Does any undirected graph admits a doubly stochastic matrix

graph theorymatrices

Given an undirected graph, can we always find a way to assign weights to every edge so that the adjacent matrix is double stochastic matrix?

(edit: We allow the matrix has positive element on (i,i), so strictly speaking, it is not an adjacent matrix)
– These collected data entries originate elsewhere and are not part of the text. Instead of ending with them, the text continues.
(* Let $\mathbf{u}=(u_1,\dots,u_n)$ be the lazy voters' utility profile over a candidate set $C$, $|C|=m$, and let $\mathbf{a}^P=(a_{n+1},\dots,a_{n+s})$ be the principled voters' ballot profile. Then the game $G=(\mathcal{L},R^C,\mathbf{u},\mathbf{a}^P)$ admits a PNE $\mathbf{b}$ with $|W(\mathbf{b}+\mathbf{a}^P)|>1$ if and only if one of the following conditions holds: (1) each candidate is ranked first by at most one voter in $N\cup P$, and $\frac{1}{n+s}\sum_{i\in N\cup P}u_\ell(a_i)\ge\max_{i\in(N\cup P)\setminus\{\ell\}}u_\ell(a_i)$ for all $\ell\in N$; (2) there exist a set of candidates $X=\{c_{\ell_1},\dots,c_{\ell_k}\}$ with $k\ge2$, a positive integer $n'\le n$ with $n'/k\ge2$ such that $\mathrm{sc}(c,\mathbf{a}^P)<n'/k$ for each $c\notin X$, and a partition of the lazy voters into $k$ groups $N_1,\dots,N_k$ (some of which may be empty) such that (a) for each $j\in[k]$, $|N_j|+\mathrm{sc}(c_{\ell_j},\mathbf{a}^P)=n'/k$; (b) for each $j\in[k]$ and each $i\in N_j$, $c_{\ell_j}\succ_i c$ for all $c\in X\setminus\{c_{\ell_j}\}$; (c) for each $j\in[k]$ and each $i\in N_j$, $\frac{1}{k}\sum_{c\in X}u_i(c)\ge\max_{c\in X\setminus\{c_{\ell_j}\}}u_i(c)$; (d) for each $j\in[k]$, each $i\in N_j$, and each $c'\in C\setminus X$ with $\mathrm{sc}(c',\mathbf{a}^P)=n'/k-1$, $\frac{1}{k}\sum_{c\in X}u_i(c)\ge\frac{1}{k}\sum_{c\in(X\cup\{c'\})\setminus\{c_{\ell_j}\}}u_i(c)$. Moreover, if condition (1) holds then $G$ has a PNE where each lazy voter votes for her top candidate, and if condition (2) holds then $G$ has a PNE where each lazy voter votes for her top candidate in $X$. The game $G$ has no other PNE with two or more winners.
   Context: Let $C=\{c_1,\dots,c_m\}$ be candidates; $[k]=\{1,\dots,k\}$. There is a set $N=\{1,\dots,n\}$ of lazy voters and a set $P=\{n+1,\dots,n+s\}$ of principled voters. Every voter $i\in N\cup P$ has an injective utility function $u_i:C\to\mathbb{N}$ inducing $c\succ_i c'$ iff $u_i(c)>u_i(c')$, and top candidate $a_i$; $\mathbf{u}=(u_1,\dots,u_n)$. Principled voters are not players and always vote for their top candidate; their ballot vector is $\mathbf{a}^P=(a_{n+1},\dots,a_{n+s})$. A ballot vector of the lazy voters is $\mathbf{b}=(b_1,\dots,b_n)$, $b_i\in C\cup\{\bot\}$ ($\bot$ = abstain); $\mathbf{b}+\mathbf{a}^P$ is the combined ballot vector. For any ballot vector $\mathbf{x}$, $\mathrm{sc}(c,\mathbf{x})$ is the number of ballots for $c$ in $\mathbf{x}$ and $W(\mathbf{x})$ is the set of candidates of maximum score. Under $R^C$ the winner is chosen uniformly at random from $W(\mathbf{b}+\mathbf{a}^P)$; let $p_j(\mathbf{b})$ be the probability $c_j$ wins. Fix $0<\varepsilon<\min\{1/m,1/n\}$. Lazy voter $i$'s utility is $U_i(\mathbf{b})=\sum_jp_j(\mathbf{b})u_i(c_j)$ if $b_i\in C$ and that plus $\varepsilon$ if $b_i=\bot$. The game $(\mathcal{L},R^C,\mathbf{u},\mathbf{a}^P)$ has players $N$ with action sets $C\cup\{\bot\}$; a PNE is a $\mathbf{b}$ with $U_i(\mathbf{b})\ge U_i(\mathbf{b}_{-i},b')$ for all $i\in N$ and $b'\in C\cup\{\bot\}$, where $(\mathbf{b}_{-i},b')$ replaces $b_i$ by $b'$. *)

theory Defs
  imports Complex_Main
begin
(* Let $G$ be a finite graph and $\mathbf{Y}=\lim_{z\to\infty}\mathbf{Y}(z)\in[0,\infty]^{\vec E}$ (a monotone limit). Then $\mathbf{Y}$ is the smallest solution in $[0,\infty]^{\vec E}$ of the fixed point equation $\mathbf{Y}=\mathcal{Q}_G(\mathcal{R}_G(\mathbf{Y}))$.
   Context: $\vec E$: directed edges; $\partial u$: neighbours of $u$; empty sums are $0$. $\mathbf{Y}(z)\in(0,\infty)^{\vec E}$ is the unique solution of $Y_{u\to v}=z/(1+\sum_{w\in\partial u\setminus v}Y_{w\to u})$ (the limit of LABP), and it is non-decreasing in $z$. $\mathcal{R}_G:[0,\infty]^{\vec E}\to[0,1]^{\vec E}$ is $\mathcal{R}_{u\to v}(\mathbf{Y})=1/(1+\sum_{w\in\partial u\setminus v}Y_{w\to u})$, with value $0$ if some $Y_{w\to u}=\infty$, $w\in\partial u\setminus v$. $\mathcal{Q}_G:[0,1]^{\vec E}\to(0,\infty]^{\vec E}$ is $\mathcal{Q}_{u\to v}(\mathbf{X})=1/\sum_{w\in\partial u\setminus v}X_{w\to u}$ with $1/0=\infty$ (so $\mathcal{Q}_{u\to v}(\mathbf{X})=\infty$ if all these $X_{w\to u}$ are $0$ or the sum is empty). Order is componentwise. *)

theory Defs
  imports "HOL-Analysis.Analysis" "HOL-Library.Extended_Nonnegative_Real"
begin

(* Since E is symmetric, E itself is the set of directed edges \<rightarrow>E:
   (u,v) \<in> E represents the directed edge u\<rightarrow>v. *)
definition finite_graph :: "'a set \<Rightarrow> ('a \<times> 'a) set \<Rightarrow> bool" where
  "finite_graph V E \<longleftrightarrow> finite V \<and> E \<subseteq> V \<times> V \<and> sym E \<and> (\<forall>u. (u,u) \<notin> E)"

definition nbrs :: "('a \<times> 'a) set \<Rightarrow> 'a \<Rightarrow> 'a set" where
  "nbrs E u = {w. (u,w) \<in> E}"

(* Vectors are functions on pairs; off \<rightarrow>E they are fixed to 0. *)
definition LABP_sol :: "('a \<times> 'a) set \<Rightarrow> real \<Rightarrow> ('a \<times> 'a \<Rightarrow> real) \<Rightarrow> bool" where
  "LABP_sol E z Y \<longleftrightarrow>
     (\<forall>u v. (u,v) \<in> E \<longrightarrow> 0 < Y (u,v) \<and>
        Y (u,v) = z / (1 + (\<Sum>w\<in>nbrs E u - {v}. Y (w,u)))) \<and>
     (\<forall>e. e \<notin> E \<longrightarrow> Y e = 0)"

definition Yz :: "('a \<times> 'a) set \<Rightarrow> real \<Rightarrow> ('a \<times> 'a \<Rightarrow> real)" where
  "Yz E z = (THE Y. LABP_sol E z Y)"

definition RG :: "('a \<times> 'a) set \<Rightarrow> ('a \<times> 'a \<Rightarrow> ennreal) \<Rightarrow> ('a \<times> 'a \<Rightarrow> ennreal)" where
  "RG E Y = (\<lambda>(u,v).
     if (\<exists>w\<in>nbrs E u - {v}. Y (w,u) = \<infinity>) then 0
     else 1 / (1 + (\<Sum>w\<in>nbrs E u - {v}. Y (w,u))))"

definition QG :: "('a \<times> 'a) set \<Rightarrow> ('a \<times> 'a \<Rightarrow> ennreal) \<Rightarrow> ('a \<times> 'a \<Rightarrow> ennreal)" where
  "QG E X = (\<lambda>(u,v).
     if (\<Sum>w\<in>nbrs E u - {v}. X (w,u)) = 0 then \<infinity>
     else 1 / (\<Sum>w\<in>nbrs E u - {v}. X (w,u)))"
definition Th :: "pt set \<Rightarrow> pt set set \<Rightarrow> pt set set" where
  "Th \<Omega> M = {T\<in>M. T \<subseteq> closure \<Omega>}"

definition Omh :: "pt set \<Rightarrow> pt set set \<Rightarrow> pt set" where
  "Omh \<Omega> M = interior (\<Union>(Th \<Omega> M))"

definition ct_sub :: "pt set \<Rightarrow> pt set \<Rightarrow> bool" where
  "ct_sub T K \<longleftrightarrow> (\<exists>a b c. \<not> collinear {a, b, c} \<and> T = convex hull {a, b, c} \<and>
                      K = convex hull {a, b, (1/3) *\<^sub>R (a + b + c)})"

definition CT :: "pt set \<Rightarrow> pt set set \<Rightarrow> pt set set" where
  "CT \<Omega> M = {K. \<exists>T\<in>Th \<Omega> M. ct_sub T K}"

definition EB :: "pt set \<Rightarrow> pt set set \<Rightarrow> pt set set" where
  "EB \<Omega> M = {e. \<exists>T\<in>Th \<Omega> M. \<exists>a b c. \<not> collinear {a, b, c} \<and> T = convex hull {a, b, c} \<and>
                  e = closed_segment a b \<and> e \<subseteq> frontier (Omh \<Omega> M)}"

text \<open>Line integral over a straight edge (independent of the orientation chosen).\<close>
definition eint :: "pt set \<Rightarrow> (pt \<Rightarrow> real) \<Rightarrow> real" where
  "eint e f = (SOME I. \<exists>a b. a \<noteq> b \<and> e = closed_segment a b \<and>
                  I = dist a b * integral {0..1} (\<lambda>t. f (a + t *\<^sub>R (b - a))))"

definition nrm :: "pt set \<Rightarrow> pt set set \<Rightarrow> pt set \<Rightarrow> pt" where
  "nrm \<Omega> M e = (SOME n. norm n = 1 \<and> (\<forall>x\<in>e. \<forall>y\<in>e. n \<bullet> (x - y) = 0) \<and>
                   (\<exists>T\<in>Th \<Omega> M. e \<subseteq> T \<and> (\<forall>x\<in>e. \<forall>y\<in>T. n \<bullet> (y - x) \<le> 0)))"

text \<open>Trace on the boundary edge e of a piecewise polynomial function: limit from the
  interior of the refined element containing e.\<close>
definition tr :: "pt set \<Rightarrow> pt set set \<Rightarrow> (pt \<Rightarrow> pt) \<Rightarrow> pt set \<Rightarrow> pt \<Rightarrow> pt" where
  "tr \<Omega> M v e x = Lim (at x within \<Union>{interior K | K. K \<in> CT \<Omega> M \<and> e \<subseteq> K}) v"

definition P2vec :: "(pt \<Rightarrow> pt) \<Rightarrow> bool" where
  "P2vec p \<longleftrightarrow> (\<exists>c0 c1 c2 c3 c4 c5 :: pt. \<forall>x. p x = c0 + (x$1) *\<^sub>R c1 + (x$2) *\<^sub>R c2
        + ((x$1)^2) *\<^sub>R c3 + (x$1 * x$2) *\<^sub>R c4 + ((x$2)^2) *\<^sub>R c5)"

definition P1 :: "(pt \<Rightarrow> real) \<Rightarrow> bool" where
  "P1 p \<longleftrightarrow> (\<exists>a b c :: real. \<forall>x. p x = a + b * x$1 + c * x$2)"

definition Vh :: "pt set \<Rightarrow> pt set set \<Rightarrow> (pt \<Rightarrow> pt) set" where
  "Vh \<Omega> M = {v. continuous_on (Omh \<Omega> M) v \<and>
               (\<forall>K\<in>CT \<Omega> M. \<exists>p. P2vec p \<and> (\<forall>x\<in>interior K. v x = p x)) \<and>
               (\<forall>x. x \<notin> Omh \<Omega> M \<longrightarrow> v x = 0) \<and>
               (\<Sum>e\<in>EB \<Omega> M. eint e (\<lambda>x. tr \<Omega> M v e x \<bullet> nrm \<Omega> M e)) = 0}"

definition V0h :: "pt set \<Rightarrow> pt set set \<Rightarrow> (pt \<Rightarrow> pt) set" where
  "V0h \<Omega> M = {v\<in>Vh \<Omega> M. \<forall>e\<in>EB \<Omega> M. \<forall>x\<in>e. tr \<Omega> M v e x = 0}"

definition Q0h :: "pt set \<Rightarrow> pt set set \<Rightarrow> (pt \<Rightarrow> real) set" where
  "Q0h \<Omega> M = {q. (\<forall>K\<in>CT \<Omega> M. \<exists>p. P1 p \<and> (\<forall>x\<in>interior K. q x = p x)) \<and>
                  integral (Omh \<Omega> M) q = 0}"

definition X0h :: "pt set \<Rightarrow> pt set set \<Rightarrow> (pt \<Rightarrow> real) set" where
  "X0h \<Omega> M = {\<mu>. continuous_on (frontier (Omh \<Omega> M)) \<mu> \<and>
                  (\<forall>e\<in>EB \<Omega> M. \<forall>a b. e = closed_segment a b \<longrightarrow>
                     (\<exists>c0 c1 c2. \<forall>t\<in>{0..1}. \<mu> (a + t *\<^sub>R (b - a)) = c0 + c1 * t + c2 * t^2)) \<and>
                  (\<Sum>e\<in>EB \<Omega> M. eint e \<mu>) = 0}"

definition pdiff :: "(pt \<Rightarrow> pt) \<Rightarrow> pt \<Rightarrow> 2 \<Rightarrow> pt" where
  "pdiff v x j = frechet_derivative v (at x) (axis j 1)"

definition divg :: "(pt \<Rightarrow> pt) \<Rightarrow> pt \<Rightarrow> real" where
  "divg v x = pdiff v x 1 $ 1 + pdiff v x 2 $ 2"

definition grad_sq :: "(pt \<Rightarrow> pt) \<Rightarrow> pt \<Rightarrow> real" where
  "grad_sq v x = (\<Sum>j\<in>UNIV. (norm (pdiff v x j))^2)"

definition gradL2 :: "pt set \<Rightarrow> pt set set \<Rightarrow> (pt \<Rightarrow> pt) \<Rightarrow> real" where
  "gradL2 \<Omega> M v = sqrt (integral (Omh \<Omega> M) (grad_sq v))"

definition norm1h :: "pt set \<Rightarrow> pt set set \<Rightarrow> (pt \<Rightarrow> pt) \<Rightarrow> real" where
  "norm1h \<Omega> M v = sqrt ((gradL2 \<Omega> M v)^2 +
      (\<Sum>e\<in>EB \<Omega> M. (1 / diameter e) * eint e (\<lambda>x. (norm (tr \<Omega> M v e x))^2)))"

definition L2n :: "pt set \<Rightarrow> pt set set \<Rightarrow> (pt \<Rightarrow> real) \<Rightarrow> real" where
  "L2n \<Omega> M q = sqrt (integral (Omh \<Omega> M) (\<lambda>x. (q x)^2))"

definition mnorm :: "pt set \<Rightarrow> pt set set \<Rightarrow> (pt \<Rightarrow> real) \<Rightarrow> real" where
  "mnorm \<Omega> M \<mu> = sqrt (\<Sum>e\<in>EB \<Omega> M. diameter e * eint e (\<lambda>x. (\<mu> x)^2))"

definition bnd_pair :: "pt set \<Rightarrow> pt set set \<Rightarrow> (pt \<Rightarrow> pt) \<Rightarrow> (pt \<Rightarrow> real) \<Rightarrow> real" where
  "bnd_pair \<Omega> M v \<mu> = (\<Sum>e\<in>EB \<Omega> M. eint e (\<lambda>x. (tr \<Omega> M v e x \<bullet> nrm \<Omega> M e) * \<mu> x))"

definition bh :: "pt set \<Rightarrow> pt set set \<Rightarrow> (pt \<Rightarrow> pt) \<Rightarrow> (pt \<Rightarrow> real) \<Rightarrow> (pt \<Rightarrow> real) \<Rightarrow> real" where
  "bh \<Omega> M v q \<mu> = - integral (Omh \<Omega> M) (\<lambda>x. divg v x * q x) + bnd_pair \<Omega> M v \<mu>"

definition infsup1 :: "pt set \<Rightarrow> pt set set \<Rightarrow> real \<Rightarrow> bool" where
  "infsup1 \<Omega> M \<beta>1 \<longleftrightarrow> (\<forall>q\<in>Q0h \<Omega> M. ereal (\<beta>1 * L2n \<Omega> M q) \<le>
      (SUP v\<in>V0h \<Omega> M - {\<lambda>_. 0}. ereal (integral (Omh \<Omega> M) (\<lambda>x. divg v x * q x) / gradL2 \<Omega> M v)))"

definition infsup2 :: "pt set \<Rightarrow> pt set set \<Rightarrow> real \<Rightarrow> bool" where
  "infsup2 \<Omega> M \<beta>2 \<longleftrightarrow> (\<forall>\<mu>\<in>X0h \<Omega> M. ereal (\<beta>2 * mnorm \<Omega> M \<mu>) \<le>
      (SUP v\<in>Vh \<Omega> M - {\<lambda>_. 0}. ereal (bnd_pair \<Omega> M v \<mu> / norm1h \<Omega> M v)))"

definition infsup_bh :: "pt set \<Rightarrow> pt set set \<Rightarrow> real \<Rightarrow> bool" where
  "infsup_bh \<Omega> M \<beta> \<longleftrightarrow> (\<forall>q\<in>Q0h \<Omega> M. \<forall>\<mu>\<in>X0h \<Omega> M.
      ereal (\<beta> * (L2n \<Omega> M q + mnorm \<Omega> M \<mu>)) \<le>
      (SUP v\<in>Vh \<Omega> M - {\<lambda>_. 0}. ereal (bh \<Omega> M v q \<mu> / norm1h \<Omega> M v)))"

end

theory Submission
  imports Defs
begin

text \<open>Let \<open>S\<close> be the supremum of \<open>b\<^sub>h(v, (q, \<mu>)) / \<parallel>v\<parallel>\<^sub>1\<^sub>,\<^sub>h\<close> over \<open>V\<^sub>h\<close>.
  Velocities with vanishing trace only see the divergence part of \<open>b\<^sub>h\<close>, and for them
  \<open>\<parallel>v\<parallel>\<^sub>1\<^sub>,\<^sub>h = \<parallel>\<nabla>v\<parallel>\<close>; the first inf-sup condition applied to \<open>-q\<close> gives
  \<open>\<beta>\<^sub>1 \<parallel>q\<parallel> \<le> S\<close>. For general \<open>v\<close> the boundary pairing differs from \<open>b\<^sub>h\<close> by
  the divergence term, which Cauchy--Schwarz and \<open>(div v)\<^sup>2 \<le> 2 \<bar>\<nabla>v\<bar>\<^sup>2\<close> bound by
  \<open>sqrt 2 \<parallel>q\<parallel> \<parallel>v\<parallel>\<^sub>1\<^sub>,\<^sub>h\<close>, so the second condition gives
  \<open>\<beta>\<^sub>2 \<parallel>\<mu>\<parallel> \<le> S + sqrt 2 \<parallel>q\<parallel>\<close>. A convex combination of the two bounds gives
  \<open>\<beta> = min (\<beta>\<^sub>1 / 2) (\<beta>\<^sub>1 \<beta>\<^sub>2 / (2 (\<beta>\<^sub>1 + sqrt 2)))\<close>. Cauchy--Schwarz needs the
  integrands to be integrable; they are, being continuous on each Clough--Tocher subtriangle.\<close>

section \<open>Integrals of piecewise continuous functions\<close>

lemma integral_nonneg_unconditional:
  fixes f :: "'n::euclidean_space \<Rightarrow> real"
  assumes "\<And>x. x \<in> S \<Longrightarrow> 0 \<le> f x"
  shows "0 \<le> integral S f"
  using assms
  by (cases "f integrable_on S") (auto intro: integral_nonneg simp: not_integrable_integral)
lemma diag_block_mat_add:
  fixes A B :: "'b \<Rightarrow> 'a::monoid_add mat"
  assumes "\<forall>i\<in>set is. A i \<in> carrier_mat (n i) (m i) \<and> B i \<in> carrier_mat (n i) (m i)"
  shows "diag_block_mat (map A is) + diag_block_mat (map B is) = diag_block_mat (map (\<lambda>i. A i + B i) is)"
  using assms
proof (induction "is")
  case Nil
  show ?case by (auto intro!: eq_matI)
next
  case (Cons j js)
  let ?sn = "sum_list (map n js)" and ?sm = "sum_list (map m js)"
  let ?DA = "diag_block_mat (map A js)" and ?DB = "diag_block_mat (map B js)"
  have Aj: "A j \<in> carrier_mat (n j) (m j)" and Bj: "B j \<in> carrier_mat (n j) (m j)"
    using Cons.prems by auto
  have DA: "?DA \<in> carrier_mat ?sn ?sm" and DB: "?DB \<in> carrier_mat ?sn ?sm"
    using diag_block_mat_carrier[of js A n m] diag_block_mat_carrier[of js B n m] Cons.prems by auto
  have IH: "?DA + ?DB = diag_block_mat (map (\<lambda>i. A i + B i) js)"
    using Cons by auto
  have "diag_block_mat (map A (j # js)) + diag_block_mat (map B (j # js))
      = four_block_mat (A j) (0\<^sub>m (n j) ?sm) (0\<^sub>m ?sn (m j)) ?DA
        + four_block_mat (B j) (0\<^sub>m (n j) ?sm) (0\<^sub>m ?sn (m j)) ?DB"
    using Aj Bj DA DB by (simp add: Let_def)
  also have "\<dots> = four_block_mat (A j + B j) (0\<^sub>m (n j) ?sm + 0\<^sub>m (n j) ?sm)
      (0\<^sub>m ?sn (m j) + 0\<^sub>m ?sn (m j)) (?DA + ?DB)"
    by (rule add_four_block_mat[OF Aj _ _ DA Bj _ _ DB]) auto
  also have "\<dots> = four_block_mat (A j + B j) (0\<^sub>m (n j) ?sm) (0\<^sub>m ?sn (m j)) (?DA + ?DB)"
    by simp
  also have "\<dots> = diag_block_mat (map (\<lambda>i. A i + B i) (j # js))"
    using Aj Bj DA DB by (simp add: Let_def IH[symmetric])
  finally show ?case .
qed

lemma hurwitz_four_block_mat_lower_left_zero:
  assumes A: "A \<in> carrier_mat n1 n1" and B: "B \<in> carrier_mat n1 n2" and D: "D \<in> carrier_mat n2 n2"
  shows "hurwitz (four_block_mat A B (0\<^sub>m n2 n1) D) \<longleftrightarrow> hurwitz A \<and> hurwitz D"
proof -
  let ?c = "map_mat complex_of_real"
  have "?c (four_block_mat A B (0\<^sub>m n2 n1) D) = four_block_mat (?c A) (?c B) (0\<^sub>m n2 n1) (?c D)"
    using assms by (auto simp: map_four_block_mat[OF A B _ D])
  then have eig: "eigenvalue (?c (four_block_mat A B (0\<^sub>m n2 n1) D)) z \<longleftrightarrow>
      eigenvalue (?c A) z \<or> eigenvalue (?c D) z" for z
    using eigenvalue_four_block_mat_lower_left_zero[of "?c A" n1 "?c B" n2 "?c D"] assms by simp
  have "dim_row (four_block_mat A B (0\<^sub>m n2 n1) D) = dim_col (four_block_mat A B (0\<^sub>m n2 n1) D)"
    "dim_row A = dim_col A" "dim_row D = dim_col D"
    using assms by auto
  then show ?thesis
    unfolding hurwitz_def eig by blast
qed

lemma hurwitz_diag_block_mat:
  assumes G: "\<forall>i\<in>set is. G i \<in> carrier_mat (r i) (r i)"
  shows "hurwitz (diag_block_mat (map G is)) \<longleftrightarrow> (\<forall>i\<in>set is. hurwitz (G i))"
proof -
  let ?c = "map_mat complex_of_real"
  have "?c (diag_block_mat (map G is)) = diag_block_mat (map (\<lambda>i. ?c (G i)) is)"
    by (simp add: map_mat_diag_block_mat o_def)
  then have eig: "eigenvalue (?c (diag_block_mat (map G is))) z \<longleftrightarrow> (\<exists>i\<in>set is. eigenvalue (?c (G i)) z)" for z
    using eigenvalue_diag_block_mat[of "is" "\<lambda>i. ?c (G i)" r] G by simp
  have "diag_block_mat (map G is) \<in> carrier_mat (sum_list (map r is)) (sum_list (map r is))"
    using G by (rule diag_block_mat_carrier)
  then show ?thesis
    using G unfolding hurwitz_def eig by auto
qed
theorem mainTheorem12:
  fixes G :: "('a, 'b) monoid_scheme"
    and a :: "nat \<Rightarrow> 'a" and n m :: nat and Ss :: "nat \<Rightarrow> nat set"
  assumes "group G"
    and "a ` {1..n} \<subseteq> carrier G"
    and "generate G (a ` {1..n}) = carrier G"
    and "\<forall>g\<in>carrier G. zG G a n \<otimes>\<^bsub>G\<^esub> g = g \<otimes>\<^bsub>G\<^esub> zG G a n"
    and "\<forall>i\<in>{1..m}. Ss i \<subseteq> {1..n}"
    and "\<forall>i\<in>{1..m}. \<forall>r\<in>{1..m}. i \<noteq> r \<longrightarrow> card (Ss i \<inter> Ss r) \<le> 1"
    and "\<forall>i\<in>{1..m}. \<forall>k\<in>Ss i.
           free_basis (GbarS G a n (Ss i)) (Ss i - {k}) (\<lambda>j. projbarS G a n (Ss i) (a j))"
  shows "rhobar G a n Ss m ` carrier (Gbar G a n) \<lhd> Abar G a n Ss m"
proof -
  interpret central_product_generators G a n
    using assms(1,2,4) by (simp add: central_product_generators_def central_product_generators_axioms_def)
  have family: "surjective_hom_family G {1..m} (\<lambda>i. GbarS G a n (Ss i)) (\<lambda>i. projbarS G a n (Ss i))"
    using group_hom_projbarS projbarS_surj group_axioms
    by (intro surjective_hom_family.intro surjective_hom_family_axioms.intro)
      (auto simp: group_hom_def group_hom_axioms_def)
  interpret localizable_commutators G "{1..m}" "\<lambda>i. GbarS G a n (Ss i)" "\<lambda>i. projbarS G a n (Ss i)"
  proof (intro localizable_commutators.intro[OF family] localizable_commutators_axioms.intro)
    fix i x y assume "i \<in> {1..m}" "x \<in> carrier G" "y \<in> carrier G"
    then show "\<exists>d\<in>carrier G. projbarS G a n (Ss i) d = projbarS G a n (Ss i) (commutator G x y) \<and>
        (\<forall>r\<in>{1..m} - {i}. projbarS G a n (Ss r) d = \<one>\<^bsub>GbarS G a n (Ss r)\<^esub>)"
      using assms(5,6)
      by (intro surjective_hom_family.commutator_localized[OF family assms(3)]
          generator_commutator_localized) auto
  qed simp
  show ?thesis
    using image_normal by (simp add: rhobar_image Abar_def)
qed

end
The background is about distributed optimization. We can see each node as a computer, and they want to exchange information(like gradients or parameters) via edges in the connected graph to solve an optimization problem, for example, a machine learning problem. So, there is a weight matrix W, whose (i,j) element is the weight of information sent from node i to node j. Because node i can use its own information, so diagonal elements of W should be positive. The question is can we always find a doubly stochastic matrix W.

Best Answer

The answer is no. For example, consider the path of length $3$, which has adjacency matrix $$ A = \pmatrix{0&1&0\\ 1&0&1\\ 0&1&0}. $$ In order for the first row to have a sum of $1$, the edge $(1,2)$ must have weight $1$. However, in order for the second row to have a sum of $1$ (and for the edge $(2,3)$ to have a non-zero weight), the edge $(1,2)$ must have weight less than $1$.


That said, if we can give distinct weights to the edge in each direction, then we can at least produce a row-stochastic matrix in the form of the transition matrix corresponding to a simple random walk over the graph. In particular, this means that the (directed) edge $i \to j$ is given the weight $\frac 1{i}$. For the path of length $3$, this gives us the matrix $$ P = \pmatrix{0&1&0\\1/2&0&1/2\\0&1&0}. $$


For the question as I now understand it, the answer is yes. It suffices to assign weights as follows:

Let $d$ denote the degree of the graph (i.e. the maximal vertex degree). Let $d_i$ denote the degree of vertex $i$. It suffices to assign the weight $\frac 1{d}$ to all off-diagonal entries (i.e. to all non-loop edges) and weight $\frac{d-d_i}{d}$ to the $i$th diagonal entry (i.e. the loop on the $i$th vertex).

That is, let $D$ denote the degree matrix, the diagonal matrix whose $i$th diagonal entry is the degree of the $i$th vertex. Then the matrix $ \frac 1d [dI + A - D] $ is doubly stochastic.

We could also write this as $\frac 1d[dI - L]$, where $L$ denotes the graph Laplacian.